Why Static Minimum Stock Lies About Demand

The static minimum stock model is appealing because it is simple. Set a number, watch the system, react when the number is breached. The simplicity is also the failure. The number is not a measurement of demand. It is a guess about demand made at a moment in the past, then frozen. Real demand is dynamic. It shifts when production schedules shift. It shifts when a new customer comes online. It shifts when a BOM changes. It shifts when one product line is paused and another is accelerated. None of these shifts are visible to a static threshold, because the threshold has no relationship to the upcoming production schedule that actually drives material consumption.

The lie compounds in two directions. When demand drops, static reorder points trigger purchases that the operation does not need, tying up working capital in surplus stock. When demand rises, static reorder points fire too late, because the buffer they were sized for assumed the previous consumption rate. The procurement team finds themselves alternating between excess buffer stock on some items and emergency expedites on others, often within the same week. The pattern is so familiar that many teams have come to assume it is just the nature of the job. It is not. It is the nature of the model.

What Horizon-Based Replenishment Actually Calculates

A horizon-based replenishment model replaces the static threshold with a forward-looking calculation. For each material, the system answers a different question: given everything we have committed to produce in the next seven, fourteen, thirty, or sixty days, do we have enough material to execute, including stock currently on hand and purchase orders already in flight, and if not, how much more do we need and by when? The model does not ask whether the current quantity is below some arbitrary minimum. It asks whether the projected balance is sufficient to cover projected demand across a meaningful planning horizon.
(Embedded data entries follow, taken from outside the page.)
text \<open>First collapse the inner half of the disc onto \<open>x0\<close>, then sweep \<open>\<gamma>\<close> over it.\<close>
lemma homotopy_moving_point_along_path:
  fixes f :: "'a::real_normed_vector \<Rightarrow> 'b::topological_space"
  assumes f_cont: "continuous_on X f" and "x0 \<in> X" "\<delta> > 0"
    and "continuous_on (cball x0 \<delta>) R" "R ` cball x0 \<delta> \<subseteq> X \<inter> K"
    "\<And>q. q \<in> X \<inter> cball x0 \<delta> \<Longrightarrow> R q = q"
    and \<gamma>: "path \<gamma>" "pathstart \<gamma> = f x0" "pathfinish \<gamma> = y"
  obtains H :: "real \<times> 'a \<Rightarrow> 'b" where "continuous_on ({0..1} \<times> X) H"
    "\<And>p. p \<in> X \<Longrightarrow> H (0,p) = f p"
    "\<And>t p. t \<in> {0..1} \<Longrightarrow> p \<in> X \<Longrightarrow> p \<notin> ball x0 \<delta> \<Longrightarrow> H (t,p) = f p"
    "H (1, x0) = y"
    "\<And>t p. t \<in> {0..1} \<Longrightarrow> p \<in> X \<Longrightarrow>
        H (t,p) = f p \<or> p \<in> cball x0 \<delta> \<and> H (t,p) \<in> f ` (X \<inter> K) \<union> path_image \<gamma>"
proof -
  obtain Q :: "real \<times> 'a \<Rightarrow> 'a" where Q: "continuous_on ({0..1} \<times> X) Q"
    "\<And>t p. t \<in> {0..1} \<Longrightarrow> p \<in> X \<Longrightarrow> Q (t,p) \<in> X"
    "\<And>p. p \<in> X \<Longrightarrow> Q (0,p) = p"
    "\<And>t p. t \<in> {0..1} \<Longrightarrow> p \<in> X \<Longrightarrow> p \<notin> ball x0 \<delta> \<Longrightarrow> Q (t,p) = p"
    "\<And>t p. t \<in> {0..1} \<Longrightarrow> p \<in> cball x0 \<delta> \<Longrightarrow> Q (t,p) \<in> K"
    "\<And>p. p \<in> cball x0 (\<delta>/2) \<Longrightarrow> Q (1,p) = x0"
    using retraction_collapse_homotopy[OF assms(3,2,4-6)] by blast
  define A where "A z = f (Q z)" for z
  define B where "B z = (if dist (snd z) x0 \<le> \<delta>/2
    then \<gamma> (fst z * (1 - 2 * dist (snd z) x0 / \<delta>)) else f (Q (1, snd z)))" for z
  define H where "H z = (if fst z \<le> 1/2 then A (2 * fst z, snd z) else B (2 * fst z - 1, snd z))" for z
  have "continuous_on ({0..1} \<times> X) A"
    unfolding A_def using Q(1,2) by (intro continuous_on_compose2[OF f_cont]) auto
  moreover have "continuous_on X (\<lambda>p. f (Q (1,p)))"
    using Q(1,2) by (intro continuous_on_compose2[OF f_cont] continuous_on_compose2[OF Q(1)]
        continuous_intros) auto
  then have "continuous_on ({0..1} \<times> X) B"
    unfolding B_def using \<open>\<delta> > 0\<close> \<gamma>(1,2) Q(6)
    by (intro continuous_on_sweep_path_on_disc) (auto simp: dist_commute)
  moreover have "A (1,p) = B (0,p)" if "p \<in> X" for p
    using Q(6)[of p] \<gamma>(2) by (simp add: A_def B_def pathstart_def dist_commute)
  ultimately have "continuous_on ({0..1} \<times> X) H"
    unfolding H_def by (rule continuous_on_homotopy_join)
  show ?thesis
  proof (rule that[OF \<open>continuous_on ({0..1} \<times> X) H\<close>])
    show "H (0,p) = f p" if "p \<in> X" for p
      using Q(3) that by (simp add: H_def A_def)
    show "H (t,p) = f p" if "t \<in> {0..1}" "p \<in> X" "p \<notin> ball x0 \<delta>" for t p
      using Q(4) that \<open>\<delta> > 0\<close> by (auto simp: H_def A_def B_def dist_commute)
    show "H (1, x0) = y"
      using \<gamma>(3) \<open>\<delta> > 0\<close> by (simp add: H_def B_def pathfinish_def)
    show "H (t,p) = f p \<or> p \<in> cball x0 \<delta> \<and> H (t,p) \<in> f ` (X \<inter> K) \<union> path_image \<gamma>"
      if "t \<in> {0..1}" "p \<in> X" for t p
    proof (cases "p \<in> ball x0 \<delta>")
      case True
      have "(2 * t - 1) * (1 - 2 * dist p x0 / \<delta>) \<in> {0..1}"
        if "\<not> t \<le> 1/2" "dist p x0 \<le> \<delta>/2"
        using that \<open>t \<in> {0..1}\<close> \<open>\<delta> > 0\<close> by (intro fading_factor_in_unit_interval) auto
      then show ?thesis
        using True Q(2,5) that by (auto simp: H_def A_def B_def path_image_def dist_commute)
    qed (use Q(4) that \<open>\<delta> > 0\<close> in \<open>auto simp: H_def A_def B_def dist_commute\<close>)
  qed
qed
The inputs to this calculation are concrete. Confirmed production orders define the gross requirement. Their dates and quantities, exploded through the relevant bills of materials, produce a time-phased demand for every component material. Open purchase orders define scheduled receipts, with their expected arrival dates. Current available stock is the starting balance. The output is the projected available balance day by day across the horizon, with shortfalls flagged at the dates they would occur. The deeper mechanics of how this works are covered in MRP planning horizons explained, and the practical impact is that procurement decisions become responses to specific projected shortfalls rather than reactions to threshold breaches.

Multiple Horizons for Different Planning Questions

A single horizon is not enough. Manufacturing operations need different horizons for different planning questions. A seven-day horizon answers the question of whether the immediate execution window is safe. A fourteen-day horizon catches issues that are far enough out to address with a transfer or an expedited order. A thirty-day horizon supports normal procurement cycles for materials with standard lead times. A sixty-day horizon supports long-lead-time materials and capacity decisions that require advance commitment.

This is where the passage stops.